いくつかの点に注意することで、ポンジスキームの可能性を判断できます。ポンジスキームを見極めるためのポイントは、以下のとおりです。
- 高いリターンが保証されている。
- 投資戦略が透明ではない。
- 新規投資家への勧誘を強く求める。
- 紹介ボーナスやマルチレベル・マーケティングを強調する。
3. 景品詐欺
景品詐欺とは、仮想通貨を送金すれば同額または倍額の仮想通貨をプレゼントすると偽って、お金を騙し取る詐欺です。個人を騙して詐欺師に資金を送らせ、金銭的な損失を与えることを目的としています。
多くの場合、詐欺師は著名な個人や組織を装い、ユーザーに仮想通貨を送金するよう求めます。仮想通貨取引は不可逆的であるため、一度「景品のアドレス」に仮想通貨が送られると、取り戻すことはできません。
自分自身を守るためには、常に最新の情報に注意を払い、詐欺の手口を理解することが重要です。合法的な景品やプロモーションでは、事前に資金や個人情報を送金するケースはほとんどありません。
2. ラグプル
ラグプルとは、分散型金融(DeFi)プロジェクトにおいて、開発者やプロジェクト関係者が意図的に流動性や資金を引き抜き、投資家に無価値なトークンを残す詐欺行為です。イーサリアム(ETH)のようなブロックチェーン上で、スマートコントラクトを使って運営されるプロジェクトで多く発生します。

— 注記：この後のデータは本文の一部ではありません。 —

lemma integ_site_bound:
  fixes x :: int and a \<delta> :: real
  assumes x: "x \<in> Lam N" and f_nonneg: "\<forall>\<eta>\<in>Omega N. 0 \<le> f \<eta>"
    and \<delta>: "0 < \<delta>" "\<delta> \<le> a" "a \<le> 1 - \<delta>"
    and h_bounds: "\<forall>y\<in>Lam N. \<delta> \<le> h (real_of_int y / real N) \<and> h (real_of_int y / real N) \<le> 1 - \<delta>"
  shows "integ h N (\<lambda>\<eta>. crate x \<eta> a * (sqrt (f (flip x \<eta>)) - sqrt (f \<eta>)) * sqrt (f \<eta>))
    \<le> - (1/4) * Ix h N a x (\<lambda>\<zeta>. sqrt (f \<zeta>))
      + (h (real_of_int x / real N) - a)\<^sup>2 / (2 * \<delta>\<^sup>2) * integ h N f"
proof -
  define g where "g = (\<lambda>\<zeta>. sqrt (f \<zeta>))"
  define \<rho> where "\<rho> = h (real_of_int x / real N)"
  define K where "K = (\<rho> - a)\<^sup>2 / (2 * \<delta>\<^sup>2)"
  define F where "F = (\<lambda>\<eta>. nu h N \<eta> * (crate x \<eta> a * (g (flip x \<eta>) - g \<eta>) * g \<eta>))"
  define G where "G = (\<lambda>\<eta>. nu h N \<eta> * (- (1/4) * (crate x \<eta> a * (g (flip x \<eta>) - g \<eta>)\<^sup>2) + K * f \<eta>))"
  have h01: "\<forall>y\<in>Lam N. 0 \<le> h (real_of_int y / real N) \<and> h (real_of_int y / real N) \<le> 1"
    using h_bounds \<delta>(1) by force
  have \<rho>: "\<delta> \<le> \<rho>" "\<rho> \<le> 1 - \<delta>" using h_bounds x unfolding \<rho>_def by auto
  have f_sq: "f \<zeta> = (g \<zeta>)\<^sup>2" if "\<zeta> \<in> Omega N" for \<zeta>
    unfolding g_def using f_nonneg that by simp
  have "(\<Sum>\<eta>\<in>Omega N. F \<eta>) \<le> (\<Sum>\<eta>\<in>Omega N. G \<eta>)"
  proof (rule sum_Omega_le_by_flip_pairs[OF x])
    fix \<eta> assume \<eta>: "\<eta> \<in> Omega N" and \<eta>x: "\<eta> x"
    obtain P where P: "0 \<le> P" "nu h N \<eta> = \<rho> * P" "nu h N (flip x \<eta>) = (1 - \<rho>) * P"
      using nu_flip_pair[where h = h and \<eta> = \<eta>, OF x \<eta>x h01] unfolding \<rho>_def by metis
    let ?u = "g \<eta>" and ?v = "g (flip x \<eta>)"
    have "F \<eta> + F (flip x \<eta>) = P * (\<rho> * (1 - a) * (?v - ?u) * ?u + (1 - \<rho>) * a * (?u - ?v) * ?v)"
      unfolding F_def P using \<eta>x by (simp add: crate_def algebra_simps)
    also have "\<dots> \<le> P * (- (1/4) * (\<rho> * (1 - a) + (1 - \<rho>) * a) * (?u - ?v)\<^sup>2
        + K * (\<rho> * ?u\<^sup>2 + (1 - \<rho>) * ?v\<^sup>2))"
      unfolding K_def using two_state_form_bound[OF \<delta>(1) \<rho> \<delta>(2,3)] P(1) by (rule mult_left_mono)
    also have "\<dots> = G \<eta> + G (flip x \<eta>)"
      unfolding G_def P using \<eta>x f_sq[OF \<eta>] f_sq[OF flip_in_Omega[OF x \<eta>]]
      by (simp add: crate_def field_simps power2_commute)
    finally show "F \<eta> + F (flip x \<eta>) \<le> G \<eta> + G (flip x \<eta>)" .
  qed
  also have "(\<Sum>\<eta>\<in>Omega N. G \<eta>) = (\<Sum>\<eta>\<in>Omega N.
      - (1/4) * (nu h N \<eta> * (crate x \<eta> a * (g (flip x \<eta>) - g \<eta>)\<^sup>2)) + K * (nu h N \<eta> * f \<eta>))"
    unfolding G_def by (simp add: algebra_simps)
  also have "\<dots> = - (1/4) * Ix h N a x g + K * integ h N f"
    unfolding Ix_def integ_def by (simp only: sum.distrib sum_distrib_left)
  finally show ?thesis unfolding F_def integ_def K_def g_def \<rho>_def by (simp add: mult.assoc)
qed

詐欺師は、一見合法的なプロジェクトを立ち上げて投資家を誘い込み、資金を投資させたりトークンを購入させます。資金や流動性がある程度集まると、詐欺師はスマートコントラクトの脆弱性を悪用して資金を持ち逃げするのです。脆弱性は、最初からコードに仕込まれていることが多いです。
ラグプル詐欺を見抜くためのポイントは、以下のとおりです。
- 開発者やチームメンバーの身元が不明確
- プロジェクトの可能性やパートナーシップについて虚偽または誇張した主張をしている
- 開発者や初期投資家に有利なトークノミクス
1. フィッシング詐欺
フィッシング詐欺は、銀行、住宅ローン会社、大手企業など、信頼できる組織を装って、ユーザーに偽のメールを送信する詐欺です。主な目的は、ユーザーのログイン情報やクレジットカード番号などの個人情報を盗むことです。
フィッシング詐欺はインターネット全体で蔓延しているサイバー攻撃の代表例ですが、仮想通貨の世界でも広く行われています。詐欺師は、仮想通貨ユーザーをターゲットにして、仮想通貨ウォレットの秘密鍵を盗み取ろうとするのです。
フィッシング詐欺の代表的な手口としては、偽サイトへのリンクを記載したメールを送り、ユーザーに秘密鍵を入力させるという方法があります。情報を入手すると、詐欺師はユーザーの仮想通貨を盗むことができます。
フィッシング詐欺から身を守るために注意すべき点は、以下のとおりです。
- 迷惑メールやメッセージに注意する。
- 個人情報やパスワードを要求するメールには返信しない。
- メールやメッセージに埋め込まれたリンクをクリックしない。
- 送信者のメールアドレスを確認する。
- 公式ウェブサイトのURLを確認する。
まとめ
ビットコインに代表される仮想通貨が普及するとともに、詐欺も増加しています。詐欺の手口は様々で、敷物詐欺や景品詐欺といった単純なものから、ネズミ講やフィッシング詐欺といった伝統的な詐欺まで幅広く存在します。
仮想通貨詐欺は様々な方法で実行されますが、目的はいずれも投資家を騙して金銭を盗むことです。
仮想通貨ユーザーは注意力を上げ、積極的に対策を講じる必要があります。